Virtualization takes multiple physical machines, virtualizes them and then runs them concurrently on a single server. The argument is that they are normally using little CPU so it's ok to run them all on a single box which will then run with a much higher CPU utilization, say 70/80%. The main issue is memory. Most boxes which are targets for consolation are usually older servers with slow CPUs. 5% on such a box might be 1% on a modern box. This means that many such older machines can be consolidated on to a newer more powerful server. However, while CPU is usually plentiful and cheap, the real issue is memory. That much memory can be expensive. DRAM cost goes through the roof when larger capacity DIMMs are required. This means that virtualization vendors typically recommend over committing the server memory. This basically means they are recommending swapping at the hypervisor level. This dramatically cuts the amount of memory required and lowers the TCO of the solution correspondingly.

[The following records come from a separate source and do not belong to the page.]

lemma abs_pathwise_wiener_le:
  assumes [measurable]: "w \<in> borel_measurable borel" "\<kappa>' \<in> borel_measurable borel"
    and w: "\<And>s. \<bar>w s\<bar> \<le> C\<^sub>w" and \<kappa>: "\<And>r. \<bar>\<kappa> r\<bar> \<le> C\<^sub>\<kappa>" and \<kappa>': "\<And>r. \<bar>\<kappa>' r\<bar> \<le> C\<^sub>\<kappa>'"
    and t: "t \<in> {0..1}"
  shows "\<bar>pathwise_wiener w \<kappa> \<kappa>' t u\<bar> \<le> 2 * C\<^sub>\<kappa> * C\<^sub>w + C\<^sub>w * C\<^sub>\<kappa>'"
proof -
  have "0 \<le> C\<^sub>w" "0 \<le> C\<^sub>\<kappa>" "0 \<le> C\<^sub>\<kappa>'"
    using w[of 0] \<kappa>[of 0] \<kappa>'[of 0] by auto
  have "\<bar>LINT s|lborel. indicator {0<..<t} s * (w s * \<kappa>' (u - s))\<bar> \<le> C\<^sub>w * C\<^sub>\<kappa>' * (t - 0)"
    using t w \<kappa>' \<open>0 \<le> C\<^sub>w\<close> by (intro abs_integral_bounded_on_Ioo) (auto simp: abs_mult intro!: mult_mono)
  also have "\<dots> \<le> C\<^sub>w * C\<^sub>\<kappa>'"
    using t \<open>0 \<le> C\<^sub>w\<close> \<open>0 \<le> C\<^sub>\<kappa>'\<close> by (simp add: mult_left_le)
  finally have "\<bar>LINT s|lborel. indicator {0<..<t} s * (w s * \<kappa>' (u - s))\<bar> \<le> C\<^sub>w * C\<^sub>\<kappa>'" .
  moreover have "\<bar>\<kappa> (u - t) * w t\<bar> \<le> C\<^sub>\<kappa> * C\<^sub>w" "\<bar>\<kappa> u * w 0\<bar> \<le> C\<^sub>\<kappa> * C\<^sub>w"
    using w \<kappa> \<open>0 \<le> C\<^sub>w\<close> \<open>0 \<le> C\<^sub>\<kappa>\<close> by (auto simp: abs_mult intro!: mult_mono)
  ultimately show ?thesis
    unfolding pathwise_wiener_def by linarith
qed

C programs or scripts tend to respond well to paging. They typically have small working sets (active memory pages) and then rest of the process or virtual machine can be paged out without dramatically impacting the performance of the virtual machine. They typically don't regularly sweep the contents of their address space. Java, however, is a completely different animal. Java Virtual Machines only have one working set size, the whole virtual machine heap. The objects used by a Java application are typically randomly spread all over the address space of a process. Any timers which fire can cause much of the JVM to be paged in by the hypervisor and if a garbage collection is triggered then the whole JVM heap must be paged in from disk as the garbage collector sweeps ALL the memory, a very slow operation. This page in will cause other virtual machines to be paged out then they garbage collect and we get a ping pong effect. This behavior can cause major variances in response times for users of the applications hosted in the JVM. A garbage collection which normally completes in hundreds of milliseconds might take minutes to complete in such an environment and the applications within that JVM are frozen during this time. Many Java applications utilize timers for JDBC connection pooling, time outs, heart beating for cluster management and so on. The paging activity wreaks havoc on these kinds of time sensitive operations and will cause most Java applications to behave very erratically if not fail completely. Any kind of clustering framework will not survive a paging environment due to the timing sensitive nature of heart beating and similar code.

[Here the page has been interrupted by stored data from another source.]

text \<open>The map \<phi>(z) = -1/conj z factors as the chordal isometries z \<mapsto> -conj z and z \<mapsto> 1/z, so it is
  an isometric involution of the Riemann sphere. Commuting with f, it commutes with every iterate, hence
  transports normal families and maps the Fatou set, and with it the set of Fatou components, onto
  itself. Near a fixed point \<zeta> of f, in the charts at \<zeta> and \<phi>(\<zeta>), f is anticonformally conjugate
  to itself, so the multiplier at \<phi>(\<zeta>) is the complex conjugate of the one at \<zeta>; this preserves
  modulus and roots of unity. A linearisation h of a rotation domain by the angle \<theta> gives the
  linearisation conj \<circ> h \<circ> \<phi> of its image by the angle -\<theta>.\<close>

lemma inv_s_inv_s [simp]: "inv_s (inv_s x) = x"
  by (cases x) auto

lemma phi_eq_inv_s_reflect: "phi x = inv_s (map_option (\<lambda>z. - cnj z) x)"
  by (cases x) (auto simp: divide_inverse)

lemma phi_phi [simp]: "phi (phi x) = x"
  by (cases x) auto

lemma inj_phi: "inj phi"
  by (metis injI phi_phi)

lemma phi_image_eq_vimage: "phi ` U = phi -` U"
  by (auto simp: image_iff) (metis phi_phi)

lemma mem_phi_image: "x \<in> phi ` U \<longleftrightarrow> phi x \<in> U"
  by (simp add: phi_image_eq_vimage)

lemma sdist_commute: "sdist x y = sdist y x"
  by (cases x; cases y) (auto simp: norm_minus_commute mult.commute)

lemma sdist_reflect: "sdist (map_option (\<lambda>z. - cnj z) x) (map_option (\<lambda>z. - cnj z) y) = sdist x y"
proof -
  have "cmod (cnj w - cnj z) = cmod (z - w)" for z w :: complex
    by (metis complex_cnj_diff complex_mod_cnj norm_minus_commute)
  then show ?thesis
    by (cases x; cases y) auto
qed

lemma sqrt_one_plus_cmod_inverse:
  "z \<noteq> 0 \<Longrightarrow> sqrt (1 + (cmod (1 / z))\<^sup>2) = sqrt (1 + (cmod z)\<^sup>2) / cmod z"
  by (simp add: norm_divide power_divide field_simps real_sqrt_divide)

lemma sdist_inv_s: "sdist (inv_s x) (inv_s y) = sdist x y"
proof -
  have at_zero: "sdist (Some 0) (Some (1 / w)) = sdist None (Some w)"
    and at_infinity: "sdist None (Some (1 / w)) = sdist (Some 0) (Some w)" if "w \<noteq> 0" for w
    using that sqrt_one_plus_cmod_inverse[of w] by (simp_all add: norm_divide)
  have generic: "sdist (Some (1 / z)) (Some (1 / w)) = sdist (Some z) (Some w)"
    if "z \<noteq> 0" "w \<noteq> 0" for z w
  proof -
    have "cmod (1 / z - 1 / w) = cmod (z - w) / (cmod z * cmod w)"
      using that by (simp add: field_simps norm_divide norm_mult norm_minus_commute)
    then show ?thesis
      using that by (simp add: sqrt_one_plus_cmod_inverse field_simps)
  qed
  have special: "sdist (inv_s x) (inv_s y) = sdist x y" if "x \<in> {None, Some 0}" for x y
    using that at_zero at_infinity by (cases y) (auto simp: sdist_commute)
  show ?thesis
  proof (cases "x \<in> {None, Some 0} \<or> y \<in> {None, Some 0}")
    case True
    then show ?thesis
      using special by (metis sdist_commute)
  next
    case False
    then obtain z w where "x = Some z" "y = Some w" "z \<noteq> 0" "w \<noteq> 0"
      by (cases x; cases y) auto
    then show ?thesis
      using generic[of z w] by simp
  qed
qed

lemma sdist_phi [simp]: "sdist (phi x) (phi y) = sdist x y"
  by (simp add: phi_eq_inv_s_reflect sdist_inv_s sdist_reflect)

lemma openin_sphere_top: "openin sphere_top = sopen"
  unfolding sphere_top_def using istopology_sopen by simp

lemma topspace_sphere_top [simp]: "topspace sphere_top = UNIV"
proof -
  have "sopen UNIV"
    by (auto simp: sopen_def intro: exI[of _ 1])
  then show ?thesis
    unfolding topspace_def openin_sphere_top by blast
qed

lemma sopen_vimage_isometry:
  assumes "\<And>x y. sdist (h x) (h y) = sdist x y" and "sopen U"
  shows "sopen (h -` U)"
  unfolding sopen_def
proof
  fix x assume "x \<in> h -` U"
  then obtain e where "e > 0" and e: "{y. sdist (h x) y < e} \<subseteq> U"
    using \<open>sopen U\<close> unfolding sopen_def by blast
  have "h y \<in> U" if "sdist x y < e" for y
    using e that assms(1)[of x y] by auto
  with \<open>e > 0\<close> show "\<exists>e>0. {y. sdist x y < e} \<subseteq> h -` U"
    by blast
qed

lemma sopen_phi_image: "sopen U \<Longrightarrow> sopen (phi ` U)"
  using sopen_vimage_isometry[of phi U] by (simp add: phi_image_eq_vimage)

lemma homeomorphic_map_phi: "homeomorphic_map sphere_top sphere_top phi"
proof (rule homeomorphic_map_involution)
  show "continuous_map sphere_top sphere_top phi"
    unfolding continuous_map_def openin_sphere_top
    using sopen_vimage_isometry[of phi] by (simp add: vimage_def)
qed simp

lemma phi_commute_apply:
  assumes "f \<circ> phi = phi \<circ> f"
  shows "f (phi x) = phi (f x)"
  using assms by (metis comp_apply)

lemma funpow_phi_commute:
  assumes "f \<circ> phi = phi \<circ> f"
  shows "(f ^^ n) (phi x) = phi ((f ^^ n) x)"
  by (induction n) (simp_all add: phi_commute_apply[OF assms])

lemma normal_iterates_phi_image:
  assumes commute: "f \<circ> phi = phi \<circ> f" and normal: "normal_iterates f U"
  shows "normal_iterates f (phi ` U)"
  unfolding normal_iterates_def
proof
  fix n :: "nat \<Rightarrow> nat"
  obtain r g where "strict_mono r" and
    conv: "\<forall>x\<in>U. \<exists>V. sopen V \<and> x \<in> V \<and> V \<subseteq> U \<and>
           (\<forall>\<epsilon>>0. \<forall>\<^sub>F k in sequentially. \<forall>y\<in>V. sdist ((f ^^ n (r k)) y) (g y) < \<epsilon>)"
    using normal unfolding normal_iterates_def by blast
  have "\<exists>V. sopen V \<and> x \<in> V \<and> V \<subseteq> phi ` U \<and>
          (\<forall>\<epsilon>>0. \<forall>\<^sub>F k in sequentially. \<forall>y\<in>V. sdist ((f ^^ n (r k)) y) (phi (g (phi y))) < \<epsilon>)"
    if "x \<in> phi ` U" for x
  proof -
    have "phi x \<in> U"
      using that by (simp add: mem_phi_image)
    then obtain V where V: "sopen V" "phi x \<in> V" "V \<subseteq> U"
      and conv_V: "\<forall>\<epsilon>>0. \<forall>\<^sub>F k in sequentially. \<forall>y\<in>V. sdist ((f ^^ n (r k)) y) (g y) < \<epsilon>"
      using conv by blast
    have "\<forall>\<^sub>F k in sequentially. \<forall>y\<in>phi ` V. sdist ((f ^^ n (r k)) y) (phi (g (phi y))) < \<epsilon>"
      if "\<epsilon> > 0" for \<epsilon>
    proof -
      from conv_V that have "\<forall>\<^sub>F k in sequentially. \<forall>y\<in>V. sdist ((f ^^ n (r k)) y) (g y) < \<epsilon>"
        by blast
      then show ?thesis
        by (rule eventually_mono) (auto simp: funpow_phi_commute[OF commute])
    qed
    moreover have "sopen (phi ` V)" "x \<in> phi ` V" "phi ` V \<subseteq> phi ` U"
      using sopen_phi_image[OF V(1)] V(2,3) by (auto simp: phi_image_eq_vimage)
    ultimately show ?thesis
      by blast
  qed
  then show "\<exists>r g. strict_mono r \<and> (\<forall>x\<in>phi ` U. \<exists>V. sopen V \<and> x \<in> V \<and> V \<subseteq> phi ` U \<and>
           (\<forall>\<epsilon>>0. \<forall>\<^sub>F k in sequentially. \<forall>y\<in>V. sdist ((f ^^ n (r k)) y) (g y) < \<epsilon>))"
    using \<open>strict_mono r\<close> by (intro exI[of _ r] exI[of _ "\<lambda>y. phi (g (phi y))"]) simp
qed

lemma phi_image_fatou:
  assumes "f \<circ> phi = phi \<circ> f"
  shows "phi ` fatou f = fatou f"
proof -
  have subset: "phi ` fatou f \<subseteq> fatou f"
    unfolding fatou_def using sopen_phi_image normal_iterates_phi_image[OF assms] by blast
  then have "phi ` phi ` fatou f \<subseteq> phi ` fatou f"
    by (rule image_mono)
  then have "fatou f \<subseteq> phi ` fatou f"
    by (simp add: image_image)
  with subset show ?thesis by blast
qed

lemma phi_image_fatou_component:
  assumes "f \<circ> phi = phi \<circ> f" and "\<Omega> \<in> fatou_components f"
  shows "phi ` \<Omega> \<in> fatou_components f"
proof -
  have "homeomorphic_map (subtopology sphere_top (fatou f)) (subtopology sphere_top (fatou f)) phi"
    by (rule homeomorphic_map_subtopologies[OF homeomorphic_map_phi])
       (simp add: phi_image_fatou[OF assms(1)])
  then show ?thesis
    using homeomorphic_map_connected_components_of assms(2) unfolding fatou_components_def by blast
qed

lemma eventually_nhds_compose:
  fixes g :: "'a::t2_space \<Rightarrow> 'b::topological_space"
  assumes "isCont g a" and "eventually P (nhds (g a))"
  shows "eventually (\<lambda>x. P (g x)) (nhds a)"
proof -
  have "\<forall>\<^sub>F x in at a. P (g x)"
    using assms unfolding isCont_def filterlim_iff by blast
  moreover have "P (g a)"
    using assms(2) by (rule eventually_nhds_x_imp_x)
  ultimately show ?thesis
    by (simp add: eventually_nhds_conv_at)
qed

Java Virtual Machine technology needs to be improved to that it can cooperate with the host operating system or hypervisor to minimize its working set which should allow it to be paged more efficiently but garbage collection will likely still remain a tough problem to beat in an environment that is actively paging. Any virtualization vendor will struggle to keep a customer happy in an over committed memory virtualized system. These systems are frequently sold to customers with the assurance that over committing the memory is ok but this usually results in the customer being unsatisfied and then complaining to the Java application vendor about poor performance or unstable behavior. The response to these questions will likely be "Don't overcommit your memory!". The response is usually "But, the virtualization vendor said it was ok otherwise the system becomes very expensive…" and the final response from the application server vendor will be "Yep, thats right…"

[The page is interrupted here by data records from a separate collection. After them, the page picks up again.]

(* Assume there are $N$ pursuers with positions $\mathbf{x}_{P_i}$ and maximal speeds $u_i$, each faster than the evader ($\nu_i:=\nu_E/u_i<1$), and $\mathbf{x}_E(t_0)\neq\mathbf{x}_{P_i}(t_0)$ for all $i$. Let $\mathcal I=\bigcap_{i}\mathcal A_i(t_0)$. Suppose each pursuer $i$ independently uses (after normalizing its speed) the law $\mathbf{v}_{P_i}=u_i\,\mathbf{z}_{P_i}/\|\mathbf{z}_{P_i}\|$, $\mathbf{z}_{P_i}=(R_{\mathcal C_i}-R_{\mathcal A_i})\mathbf{r}_i/\|\mathbf{r}_i\|+\nu_i\mathbf{y}_i$, with parameter $\delta>0$. Then for every admissible evader control, capture by some pursuer occurs in finite time at a point of $\bigcap_i\mathcal C_i$; consequently, for a closed target set $\mathcal T$ with $\mathcal I\cap\mathcal T=\emptyset$, for all sufficiently small $\delta>0$ the pursuers win the Generalized Target Guarding game.
   Context: Setting: planar simple motion. The evader has position $\mathbf{x}_E$ with $\dot{\mathbf{x}}_E=\mathbf{v}_E$, $\|\mathbf{v}_E\|\le\nu_E$; pursuer $i$ has position $\mathbf{x}_{P_i}$ with $\dot{\mathbf{x}}_{P_i}=\mathbf{v}_{P_i}$, $\|\mathbf{v}_{P_i}\|\le u_i$. Capture occurs at the first time some $\mathbf{x}_{P_i}=\mathbf{x}_E$. For each $i$, with $\nu_i=\nu_E/u_i<1$, set $\alpha_i=1/(1-\nu_i^2)$, $\gamma_i=\nu_i\alpha_i$, $\beta_i=\nu_i^2\alpha_i$, $\mathbf{r}_i=\mathbf{x}_E-\mathbf{x}_{P_i}$; the Apollonius disc $\mathcal A_i(t)$ is the closed disc with center $\mathbf{x}_{\mathcal A_i}(t)=\alpha_i\mathbf{x}_E(t)-\beta_i\mathbf{x}_{P_i}(t)$ and radius $R_{\mathcal A_i}(t)=\gamma_i\|\mathbf{r}_i(t)\|$; $\mathcal C_i$ is the closed disc with center $\mathbf{x}_{\mathcal C_i}=\mathbf{x}_{\mathcal A_i}(t_0)$ and radius $R_{\mathcal C_i}=R_{\mathcal A_i}(t_0)+\delta$; $\mathbf{y}_i=\mathbf{x}_{\mathcal A_i}-\mathbf{x}_{\mathcal C_i}$. Generalized Target Guarding: the evader wins if it reaches a point of $\mathcal T$ no later than capture; the pursuers win if capture occurs strictly before. *)

theory Defs
  imports "HOL-Analysis.Analysis"
begin

type_synonym pt = "real^2"

definition nu_ratio :: "real \<Rightarrow> real \<Rightarrow> real" where
  "nu_ratio nuE u = nuE / u"
definition alpha_c :: "real \<Rightarrow> real \<Rightarrow> real" where
  "alpha_c nuE u = 1 / (1 - (nu_ratio nuE u)^2)"
definition gamma_c :: "real \<Rightarrow> real \<Rightarrow> real" where
  "gamma_c nuE u = nu_ratio nuE u * alpha_c nuE u"
definition beta_c :: "real \<Rightarrow> real \<Rightarrow> real" where
  "beta_c nuE u = (nu_ratio nuE u)^2 * alpha_c nuE u"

Solid state disks for paging might help with the situation. But, any stateful application server with timing sensitive code will likely still encounter some issues in such as environment because of the jitter introduced by paging. WebSphere includes code to check for such jittery environments. It's a simple alarm which fires periodically and simply checks that it is fired when it expected to be fired. If the timer discovers that its several seconds later than it expected then it logs a message indicating CPU starvation is occurring. This only happened in the past on machines whose operating systems were paging OR on machines running hundreds of JVMs which suddenly all get busy and overwhelm the CPU capacity of the server. Imagine 500 threads that are all CPU bound running on a 8 core box. If each thread runs for 200ms when it gains the CPU then one second can service about 40 threads. This means around 12 seconds will elapse for any given thread before it even RUNS again. This is unacceptable for any timeout style operations with resolutions lower than that. We are seeing customers now reporting problems in virtualized servers where they have overcommitted the memory and while the local operating system is not paging, the hypervisor is. The result is the same. Erratic behavior.
In summary, this kind of behavior is not new. It's been seen before on systems which page or are simply overloaded. Either way the system was either out of CPU or out of memory or BOTH. Customers running virtualized systems need to be very careful when overcommitting either resource if predictable application behavior is required.